Now, in all honesty, These Old Shades and other Heyer books are a whole bunch of fun--and the books are not devoid of plot; there is always a conflict that gets paid-off. But they are not quite the same as plot-driven books. With plot, the ending is incipient in the beginning. There's an inevitability about it. No twist is necessary to bring about a particular denouement. It lies in wait, inviolate, known (although not necessarily unveiled yet to the reader). The parts of the narrative hold together like a statue or shape. As one reads, one gets a sense of an emerging totality.

Take Elizabeth and Darcy. Both undergo an enlightenment, a point when they reorganize their thoughts and feelings. Elizabeth is angered, then humiliated and aggrieved by Darcy's letter. Darcy is angered, then embarrassed by Elizabeth's accusations of "ungentlemanly" behavior. But the argument, letter, and realization are a long-time coming. The mutual feelings of attraction and irritation have been hovering since Day One (I side with those who argue that Elizabeth was always attracted or at least interested in Darcy since "slow burn" does not mean, "Oh, I had no real interest--now, I suddenly do!" which is why romances--despite stereotypes--rarely use the "I don't take lack-of-interest for an answer" hero). 

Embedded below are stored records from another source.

lemma bounded_measurable_on_bvec:
  assumes "r \<in> blk ms a"
  shows "bounded_measurable_on {t1..t2} (\<lambda>t. bvec ms k psi p f R L (t, q t) a r)"
proof -
  have r: "r < msum ms l" using assms blk_a_subset by blast
  have blocks: "b \<le> l" "s < msum ms l" if "1 \<le> b" "b \<le> a" "s \<in> blk ms b" for b s
    using that a blk_subset_msum[of b l ms] by auto
  show ?thesis
    unfolding bvec_def fst_conv using r blocks a
    by (intro bounded_measurable_on_diff bounded_measurable_on_sum bounded_measurable_on_mult
        bounded_measurable_on_const bounded_measurable_on_pdot bounded_measurable_on_ft
        bounded_measurable_on_Amat bounded_measurable_on_psi bounded_measurable_on_evec
        finite_blk finite_atLeastAtMost finite_atLeastLessThan) auto
qed

lemma eta_integrable: "set_integrable lborel {t1..t2} (eta_a ms psi p f R L q a)"
  unfolding eta_a_def Let_def bnorm_def using a blk_a_subset
  by (intro set_integrable_if_bounded_measurable_on bounded_measurable_on_sqrt
      bounded_measurable_on_sum bounded_measurable_on_power2 bounded_measurable_on_mult
      bounded_measurable_on_psi bounded_measurable_on_Cmat bounded_measurable_on_L
      bounded_measurable_on_evec finite_blk) auto

lemma rho_integrable: "set_integrable lborel {t1..t2} (rho_a ms k psi p f R L q a)"
proof -
  let ?I = "blk ms a" and ?A = "\<lambda>t. Amat ms R f L (t, q t) a a"
  define Q where "Q t = (\<Sum>r\<in>?I. evec p f (t, q t) r * (\<Sum>s\<in>?I. ?A t r s * evec p f (t, q t) s))" for t
  define G where "G t = \<bar>k a * psi a (t, q t)\<bar> * (\<Sum>r\<in>?I. \<Sum>s\<in>?I. \<bar>?A t r s\<bar>)" for t
  have rho: "rho_a ms k psi p f R L q a t = k a * psi a (t, q t) * ((pinv (phi_a ms p f q a t))\<^sup>2 * Q t)" for t
    by (simp add: rho_a_def Let_def Q_def mult.assoc)
  have A: "bounded_measurable_on {t1..t2} (\<lambda>t. ?A t r s)" if "r \<in> ?I" "s \<in> ?I" for r s
    using that a blk_a_subset by (intro bounded_measurable_on_Amat) auto
  have "bounded_measurable_on {t1..t2} Q"
    unfolding Q_def using blk_a_subset
    by (intro bounded_measurable_on_sum bounded_measurable_on_mult bounded_measurable_on_evec A finite_blk) auto
  then have meas: "rho_a ms k psi p f R L q a \<in> borel_measurable (restrict_space lborel {t1..t2})"
    unfolding rho
    by (intro borel_measurable_times borel_measurable_power borel_measurable_const borel_measurable_pinv
        bounded_measurable_onD bounded_measurable_on_psi[OF a] bounded_measurable_on_phi)
  have G: "bounded_measurable_on {t1..t2} G"
    unfolding G_def using a
    by (intro bounded_measurable_on_abs bounded_measurable_on_mult bounded_measurable_on_const
        bounded_measurable_on_psi bounded_measurable_on_sum A finite_blk) auto
  have bound: "\<bar>rho_a ms k psi p f R L q a t\<bar> \<le> \<bar>G t\<bar>" for t
  proof -
    have "(pinv (phi_a ms p f q a t))\<^sup>2 * \<bar>Q t\<bar> \<le> (\<Sum>r\<in>?I. \<Sum>s\<in>?I. \<bar>?A t r s\<bar>)"
      unfolding phi_a_eq_L2_set Q_def by (rule pinv_L2_set_quadratic_form_le[OF finite_blk])
    then show ?thesis
      unfolding rho G_def abs_mult by (simp add: mult_left_mono)
  qed
  show ?thesis
    by (rule set_integrable_if_bounded_measurable_on[OF bounded_measurable_on_dominated[OF G meas bound]])
qed

lemma gamma_integrable: "set_integrable lborel {t1..t2} (gamma_a ms k psi p f R L q a)"
proof -
  let ?I = "blk ms a" and ?b = "\<lambda>t. bvec ms k psi p f R L (t, q t) a"
  define G where "G t = (\<Sum>r\<in>?I. evec p f (t, q t) r * ?b t r)" for t
  have gamma: "gamma_a ms k psi p f R L q a t = pinv (phi_a ms p f q a t) * G t" for t
    by (simp add: gamma_a_def Let_def G_def)
  have "bounded_measurable_on {t1..t2} G"
    unfolding G_def using blk_a_subset
    by (intro bounded_measurable_on_sum bounded_measurable_on_mult bounded_measurable_on_evec
        bounded_measurable_on_bvec finite_blk) auto
  then have meas: "gamma_a ms k psi p f R L q a \<in> borel_measurable (restrict_space lborel {t1..t2})"
    unfolding gamma
    by (intro borel_measurable_times borel_measurable_pinv bounded_measurable_onD bounded_measurable_on_phi)
  have B: "bounded_measurable_on {t1..t2} (\<lambda>t. \<Sum>r\<in>?I. \<bar>?b t r\<bar>)"
    by (intro bounded_measurable_on_sum bounded_measurable_on_abs bounded_measurable_on_bvec finite_blk)
  have bound: "\<bar>gamma_a ms k psi p f R L q a t\<bar> \<le> \<bar>\<Sum>r\<in>?I. \<bar>?b t r\<bar>\<bar>" for t
    using pinv_L2_set_linear_form_le[OF finite_blk, of "\<lambda>r. evec p f (t, q t) r" ms a "?b t"]
    unfolding gamma G_def phi_a_eq_L2_set by simp
  show ?thesis
    by (rule set_integrable_if_bounded_measurable_on[OF bounded_measurable_on_dominated[OF B meas bound]])
qed

end

end

theorem lemma18:
  fixes l :: nat and ms :: "nat \<Rightarrow> nat" and k :: "nat \<Rightarrow> real"
    and psi :: "nat \<Rightarrow> real \<times> (real^'n) \<Rightarrow> real"
    and p :: "nat \<Rightarrow> real \<Rightarrow> real"
    and f :: "nat \<Rightarrow> real \<times> (real^'n) \<Rightarrow> real"
    and R :: "real \<times> (real^'n) \<Rightarrow> real^'n^'n"
    and L :: "real \<times> (real^'n) \<Rightarrow> nat \<Rightarrow> nat \<Rightarrow> real"
    and q :: "real \<Rightarrow> real^'n" and t0 :: real
  assumes l2: "l \<ge> 2"
    and ms_pos: "\<forall>a\<in>{1..l}. ms a \<ge> 1"
    and m_le_n: "msum ms l \<le> CARD('n)"
    and f_diff: "\<forall>i<msum ms l. \<forall>x. f i differentiable (at x)"
    and Df_cont: "\<forall>i<msum ms l. continuous_on UNIV (\<lambda>x. ft f x i)
                     \<and> (\<forall>j. continuous_on UNIV (\<lambda>x. Fq f x i $ j))"
    and R_inv: "\<forall>x. invertible (R x)"
    and R_cont: "continuous_on UNIV R"
    and p_diff: "\<forall>i<msum ms l. \<forall>t. p i differentiable (at t)"
    and pdot_cont: "\<forall>i<msum ms l. continuous_on UNIV (pdot p i)"
    and k_pos: "\<forall>a\<in>{1..l}. k a > 0"
    and psi_range: "\<forall>a\<in>{1..l}. \<forall>x. 0 \<le> psi a x \<and> psi a x \<le> 1"
    and psi_cont: "\<forall>a\<in>{1..l}. continuous_on UNIV (psi a)"
    and L_lower: "\<forall>x i j. i < msum ms l \<and> j < msum ms l \<and> blk_of ms l i < blk_of ms l j
                     \<longrightarrow> L x i j = 0"
    and q_ac: "\<forall>T\<ge>t0. abs_cont_on q t0 T"
    and q_ode: "AE t in lborel. t \<ge> t0 \<longrightarrow>
                  (q has_vector_derivative uctrl ms l k psi p f R L (t, q t)) (at t)"
    and A1_bdd: "\<exists>B. \<forall>x. \<forall>i<msum ms l. \<forall>j<msum ms l. \<bar>Cmat R f x i j\<bar> \<le> B"
    and A1_meas: "\<forall>i<msum ms l. \<forall>j<msum ms l.
                    set_borel_measurable lborel {t0..} (\<lambda>t. Cmat R f (t, q t) i j)"
    and A2_bdd: "\<exists>B. \<forall>x. \<forall>i<msum ms l. \<forall>j<msum ms l. \<bar>L x i j\<bar> \<le> B"
    and A2_meas: "\<forall>i<msum ms l. \<forall>j<msum ms l.
                    set_borel_measurable lborel {t0..} (\<lambda>t. L (t, q t) i j)"
  shows "\<forall>a\<in>{1..l}. \<forall>t1 t2. t0 \<le> t1 \<and> t1 < t2 \<longrightarrow>
           abs_cont_on (phi_a ms p f q a) t1 t2
         \<and> (AE t in lborel. t \<in> {t1..t2} \<longrightarrow>
              (phi_a ms p f q a has_real_derivative
                 (- rho_a ms k psi p f R L q a t * phi_a ms p f q a t
                  + gamma_a ms k psi p f R L q a t)) (at t))
         \<and> set_integrable lborel {t1..t2} (eta_a ms psi p f R L q a)
         \<and> set_integrable lborel {t1..t2} (rho_a ms k psi p f R L q a)
         \<and> set_integrable lborel {t1..t2} (gamma_a ms k psi p f R L q a)"
proof -
  interpret tracking ms l k psi p f R L q t0
    by (rule tracking.intro; fact)
  show ?thesis
    by (intro ballI allI impI conjI phi_abs_cont_on phi_has_real_derivative_ae eta_integrable
        rho_integrable gamma_integrable) auto
qed

end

Elizabeth's visit to Pemberley isn't contrived. Darcy's intercession with Wickham & Lydia isn't a lucky chance. It is made necessary by Darcy's behavior at Netherfield Park, where he purchases reputation at the expense of Lydia's future (who might not matter but Elizabeth and Jane certainly do). This is behavior he must rectify.

Conclusion

I'll go so far as to say that all great works have plot, rather than just story. However, story is a good alternative to a lousy plot. Heyer's fun and roller-coaster-ride stories never fail to satisfy.